После службы мы с Кэндис брались за руки и шли в комнату отдыха воскресной школы, где стояли диваны, телевизор с большим экраном и висели плакаты, похожие на граффити, со стихами из Библии. В воскресной школе не было проповедей, только песни, которые мы пели с Чарли под гитару, а дальше шел, как он это называл, «серьезный разговор», когда мы кругом рассаживались на полу.

Иногда беседа начиналась с библейского стиха, но очень скоро дети перескакивали на свои проблемы. Часто речь шла о девочках: что они носят, с кем танцуют, благочестивы ли они и насколько благочестивы, и как важно блюсти целомудрие. Однажды весь день обсуждалось, можно ли девочке лицемерить, говоря, что ей нравится наряд подруги, если на самом деле он ей не нравится. Я помню, как один парень из восьмого класса захотел пригласить на свидание еврейскую девочку, и ребята целый час спорили, попадут ли евреи в ад, и если да, то стоит ли делиться с ними посланием Иисуса. Некоторые спрашивали о серебряных крестиках ювелирной фирмы «Джеймс Эйвери», которые были тогда в моде: можно ли девочкам носить их напоказ?
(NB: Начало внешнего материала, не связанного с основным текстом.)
lemma lie_morph_on_LieHat_unique:
  assumes wok: "weight_ok br \<omega>"
    and g: "lie_morph_on g (LieHat br)" and h: "lie_morph_on h (LieHat br)"
    and letters: "\<And>a. g (PsiH br (word [a])) = h (PsiH br (word [a]))"
    and X: "X \<in> LieHat br"
  shows "g X = h X"
proof -
  have "g (PsiH br x) = h (PsiH br x)" if "x \<in> LieA" for x
    using that
  proof (induction x rule: LieA.induct)
    case (gen a) thus ?case by (rule letters)
  next
    case (add x y)
    have "PsiH br x \<in> LieHat br" "PsiH br y \<in> LieHat br" using add.hyps by (auto simp: LieHat_def)
    moreover have "PsiH br (tadd x y) = tadd (PsiH br x) (PsiH br y)"
      using add.hyps LieA_subset_Tset by (auto intro: PsiH_tadd)
    ultimately show ?case
      using g h add.IH by (simp add: lie_morph_on_def linear_on_T_def)
  next
    case (scale x c)
    have "PsiH br x \<in> LieHat br" using scale.hyps by (auto simp: LieHat_def)
    moreover have "PsiH br (tscale c x) = tscale c (PsiH br x)"
      using scale.hyps LieA_subset_Tset by (auto intro: PsiH_tscale)
    ultimately show ?case
      using g h scale.IH by (simp add: lie_morph_on_def linear_on_T_def)
  next
    case (brk x y)
    have "PsiH br x \<in> LieHat br" "PsiH br y \<in> LieHat br" using brk.hyps by (auto simp: LieHat_def)
    moreover have "PsiH br (commutator x y) = commutator (PsiH br x) (PsiH br y)"
      using brk.hyps LieA_subset_Tset by (auto intro: PsiH_commutator[OF wok])
    ultimately show ?case
      using g h brk.IH by (simp add: lie_morph_on_def)
  qed
  thus ?thesis using X unfolding LieHat_def by blast
qed

theorem proposition3p16:
  fixes br :: "'a \<Rightarrow> 'a \<Rightarrow> 'a option" and \<omega> :: "'a \<Rightarrow> nat"
    and F :: "'a \<Rightarrow> real^'e \<Rightarrow> real^'e"
  assumes "bracket_comm br" and "bracket_assoc br" and "weight_ok br \<omega>"
    and "\<forall>a. smooth_vf (F a)"
  shows "linear_on_T (fhat br F) Tset
       \<and> (\<forall>x\<in>Tset. smooth_vf (fhat br F x))
       \<and> lie_morph_on (fhat br F) (LieHat br)
       \<and> (\<forall>a. fhat br F (PsiH br (word [a])) = F a)
       \<and> (\<forall>g. lie_morph_on g (LieHat br) \<and> (\<forall>a. g (PsiH br (word [a])) = F a)
              \<longrightarrow> (\<forall>x\<in>LieHat br. g x = fhat br F x))"
proof -
  have F: "\<And>a. smooth_vf (F a)" using assms(4) by blast
  have morph: "lie_morph_on (fhat br F) (LieHat br)"
    by (rule lie_morph_on_fhat[OF assms(2,3) F])
  have letters: "fhat br F (PsiH br (word [a])) = F a" for a
    by (simp add: fhat_PsiH[OF assms(2,3) word_in_Tset] fT_letter)
  have smooth: "smooth_vf (fhat br F x)" for x
    unfolding fhat_def by (rule smooth_vf_fT[OF F])
  show ?thesis
    using linear_on_T_fhat[OF assms(3)] smooth morph letters
      lie_morph_on_LieHat_unique[OF assms(3) _ morph]
    by metis
qed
Поначалу я только наблюдала со стороны. В нашем доме мама считалась всезнающей, да и папа мог ответить на любой вопрос. Но оказалось, что есть вопросы, о которых я даже не догадывалась; что целый мир живет в другом измерении, и мои родители, похоже, ничего об этом не знают. Оказалось, что вокруг меня идут битвы, где каждое слово и действие имеют более глубокий смысл, чем видится с первого взгляда, и даже украшения, которые носит человек, могут быть связаны с тем, что называлось спасением. Чарли никого не подстрекал. Он просто сидел на полу и слушал, кивая, когда споры становились жарче. Потом, ближе к концу отведенного нам часа, он начинал говорить, и все замолкали. Чарли объяснял, что Бог наблюдает за нами, что Господь любит нас больше, чем мы любим самих себя, и нам нужно лишь стараться быть достойными его любви. Иисус, говорил Чарли, стал человеком, чтобы понять, каково это. Христос знал, как трудно не грешить, и заплатил самую высокую цену, чтобы привести нас к спасению. Урок закончен, пора расходиться.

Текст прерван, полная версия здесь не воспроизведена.